Барбару задал им направление, собрал их над шиферной крышей Тюильри.
Когда ни у кого еще не было ясного плана, он написал Ребекки́: «Пришли мне пятьсот человек, умеющих умирать!»
Увы, истинным королем Франции был этот король революции, написавший, чтобы ему прислали пятьсот человек, которые умеют умирать, и ему прислали их с такой же легкостью, с какой он об этом попросил.
Ребекки́ отобрал их самолично из членов профранцузской партии Авиньона.
Они сражались уже второй год; они ненавидели уже на протяжении десяти поколений.
Они сражались в Тулузе, в Ниме, в Арле; они были приучены к крови; они не знали усталости.
В назначенный день они просто, точно их ждал обычный переход, отправились в путь длиной двести двадцать льё.
А почему бы нет?
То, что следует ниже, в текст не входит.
(* Assume (i) for every $x\in\mathcal{X}^s$ the ODE $\mathrm{d}Z_\tau=v_0(x,Z_\tau,\tau)\mathrm{d}\tau$, $Z_0\sim N(0,I_{d_y})$, has a unique solution and $Z_1$ is distributed as $Y^s\mid X^s=x$; (ii) $\mathbb{E}\|Y^s\|_2^4<\infty$; (iii) $r_0(X^s)$ is sub-exponentially distributed. Let $\hat v^s_N$ be any (data-dependent) velocity estimator taking values in $[\underline\delta,\bar\delta]^{d_y}$, built from data independent of $X^s,X^t$, for which the ODE $\mathrm{d}\hat Z_\tau=\hat v^s_N(x,\hat Z_\tau,\tau)\mathrm{d}\tau$, $\hat Z_0\sim N(0,I_{d_y})$ is well posed for each $x$ (e.g. $\hat v^s_N$ Lipschitz in its second argument). Then for $N\ge2$, $$\mathcal{E}^t\le c_1\mathcal{E}^s\log N+\frac{c_2d_y[\max(\bar\delta^2,\underline\delta^2)+1]}{N},$$ where $c_1,c_2$ are constants not depending on $N$.
   Context: $(X^s,Y^s)$ is a source pair with $X^s\in\mathbb{R}^{d_x}$ having density $p$ and $Y^s\in\mathbb{R}^{d_y}$; $X^t\in\mathbb{R}^{d_x}$ has density $q$, $\{q>0\}\subset\mathcal{X}^s=\{p>0\}$, $r_0=q/p$ ($0/0=0$). Under covariate shift, $Y^t|X^t=x$ has the law of $Y^s|X^s=x$. Let $\eta\sim N(0,I_{d_y})$ independent of $(X^s,Y^s)$, and $a_\tau,b_\tau$ continuously differentiable on $[0,1]$ with $a_0=b_1=1$, $a_1=b_0=0$; $Y^s_\tau=a_\tau\eta+b_\tau Y^s$ and $v_0(x,y,\tau)=\mathbb{E}(\dot a_\tau\eta+\dot b_\tau Y^s\mid Y^s_\tau=y,X^s=x)$. Let $\rho_{0,x}$ be the conditional density of $Y^s|X^s=x$ and $\hat\rho^s_x$ the density of $\hat Z_1$ given $x$. With $W_2^2$ the squared 2-Wasserstein distance, $\mathcal{E}^s=\mathbb{E}[W_2^2(\rho_{0,X^s}\|\hat\rho^s_{X^s})]$ and $\mathcal{E}^t=\mathbb{E}[W_2^2(\rho_{0,X^t}\|\hat\rho^s_{X^t})]$, expectations over the test covariate and the training randomness. A real random variable is sub-exponentially distributed if $\mathbb{E}\exp(\varsigma|V|)<\infty$ for some $\varsigma>0$. *)

theory Defs
  imports "HOL-Probability.Probability"
begin

definition std_gauss :: "'y::euclidean_space measure" where
  "std_gauss = density lborel
     (\<lambda>y. ennreal ((2 * pi) powr (- real DIM('y) / 2) * exp (- (norm y)\<^sup>2 / 2)))"

definition ode_sol :: "('y::euclidean_space \<Rightarrow> real \<Rightarrow> 'y) \<Rightarrow> 'y \<Rightarrow> (real \<Rightarrow> 'y) \<Rightarrow> bool" where
  "ode_sol v z0 z \<longleftrightarrow> z 0 = z0 \<and>
     (\<forall>t\<in>{0..1}. (z has_vector_derivative v (z t) t) (at t within {0..1}))"

definition flow_end :: "('y::euclidean_space \<Rightarrow> real \<Rightarrow> 'y) \<Rightarrow> 'y \<Rightarrow> 'y" where
  "flow_end v z0 = (SOME z. ode_sol v z0 z) 1"
lemma finite_cell_lists[simp]: "finite (cell_lists n t)"
proof -
  have "cell_lists n t \<subseteq> {xs. set xs \<subseteq> {..<n} \<times> (UNIV::bool set) \<and> length xs = Suc t}"
    unfolding cell_lists_def by auto
  moreover have "finite {xs. set xs \<subseteq> {..<n} \<times> (UNIV::bool set) \<and> length xs = Suc t}"
    by (rule finite_lists_length_eq) auto
  ultimately show ?thesis by (rule finite_subset)
qed

definition work_dim :: "nat \<Rightarrow> nat \<Rightarrow> nat" where "work_dim n t = card (cell_lists n t)"

definition cell_code :: "nat \<Rightarrow> nat \<Rightarrow> (nat \<times> bool) list \<Rightarrow> nat" where
  "cell_code n t = (SOME h. bij_betw h (cell_lists n t) {0..<work_dim n t})"

lemma cell_code_bij: "bij_betw (cell_code n t) (cell_lists n t) {0..<work_dim n t}"
  unfolding cell_code_def work_dim_def by (rule someI_ex[OF ex_bij_betw_finite_nat[OF finite_cell_lists]])

definition cell_decode :: "nat \<Rightarrow> nat \<Rightarrow> nat \<Rightarrow> (nat \<times> bool) list" where
  "cell_decode n t = the_inv_into (cell_lists n t) (cell_code n t)"

lemma cell_code_inj: "inj_on (cell_code n t) (cell_lists n t)"
  using cell_code_bij bij_betw_imp_inj_on by blast

lemma cell_decode_code[simp]: "cs \<in> cell_lists n t \<Longrightarrow> cell_decode n t (cell_code n t cs) = cs"
  unfolding cell_decode_def by (rule the_inv_into_f_f[OF cell_code_inj])

lemma cell_code_less: "cs \<in> cell_lists n t \<Longrightarrow> cell_code n t cs < work_dim n t"
  using bij_betwE[OF cell_code_bij] by fastforce

lemma cell_code_decode: "z < work_dim n t \<Longrightarrow> cell_code n t (cell_decode n t z) = z"
  unfolding cell_decode_def by (rule f_the_inv_into_f_bij_betw[OF cell_code_bij]) auto

lemma cell_decode_in: "z < work_dim n t \<Longrightarrow> cell_decode n t z \<in> cell_lists n t"
  unfolding cell_decode_def
  by (rule the_inv_into_into[OF cell_code_inj]) (use cell_code_bij in \<open>auto simp: bij_betw_def\<close>)

lemma cell_code_eq_iff: "cs \<in> cell_lists n t \<Longrightarrow> cs' \<in> cell_lists n t \<Longrightarrow> cell_code n t cs = cell_code n t cs' \<longleftrightarrow> cs = cs'"
  using cell_code_inj inj_onD by metis

lemma work_dim_pos: "n \<ge> 1 \<Longrightarrow> work_dim n t \<ge> 1"
proof -
  assume "n \<ge> 1"
  then have "replicate (Suc t) (0, False) \<in> cell_lists n t" unfolding cell_lists_def by auto
  then have "cell_lists n t \<noteq> {}" by auto
  then show ?thesis unfolding work_dim_def by (simp add: Suc_leI card_gt_0_iff)
qed

definition swap_cell :: "nat \<Rightarrow> nat \<Rightarrow> nat \<Rightarrow> qbasis \<Rightarrow> qbasis" where
  "swap_cell n t l s = (let cs = cell_decode n t (snd (snd s)) in
     (fst (cs!l), snd (cs!l), cell_code n t (cs[l := (fst s, fst (snd s))])))"

lemma update_in_cell_lists: "cs \<in> cell_lists n t \<Longrightarrow> i < n \<Longrightarrow> cs[l := (i, b)] \<in> cell_lists n t"
  unfolding cell_lists_def by (auto dest: subsetD[OF set_update_subset_insert])

lemma nth_in_cell_lists: "cs \<in> cell_lists n t \<Longrightarrow> l \<le> t \<Longrightarrow> fst (cs!l) < n"
  unfolding cell_lists_def by auto

lemma swap_cell_code:
  "cs \<in> cell_lists n t \<Longrightarrow> swap_cell n t l (i, b, cell_code n t cs) = (fst (cs!l), snd (cs!l), cell_code n t (cs[l := (i,b)]))"
  unfolding swap_cell_def by simp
Это были суровые моряки, упорные крестьяне; лица их были обожжены африканским сирокко или мистралем с горы Ванту, а ладони почернели от дегтя или задубели от тяжелой работы.
Всюду, где бы они ни появились, их называли разбойниками.
На привале немного выше Органа они получили слова и музыку гимна Руже де Лиля под названием «Боевая песнь Рейнской армии».
Эти своеобразные подъемные прислал им Барбару, чтобы помочь скоротать дорогу.
Один из них разобрал ноты и напел слова; за ним и все подхватили эту страшную песню, гораздо более страшную, нежели воображал сам Руже де Лиль!
В устах марсельцев изменился характер песни, иным стал смысл ее слов.
Песня, призывавшая к братству, превратилась в песню, зовущую к уничтожению и смерти; это была «Марсельеза», то есть оглушительный рев, заставивший нас содрогнуться от ужаса в утробе у наших матерей.
И вот эта небольшая марсельская банда шагала через города и села, горланя еще неизвестную новую песню и пугая ею Францию.
Когда Барбару узнал, что его головорезы дошли до Монтро, он побежал сообщить об этом Сантеру.
Сантер обещал ему встретить марсельцев в Шарантоне с сорокатысячной армией.
Вот что Барбару рассчитывал предпринять, опираясь на сорок тысяч Сантера и пятьсот марсельцев: поставить марсельцев во главе войска, сразу же захватить ратушу и Собрание, взять Тюильри, как 14 июля 1789 года была взята Бастилия, и на развалинах флорентийского дворца провозгласить республику.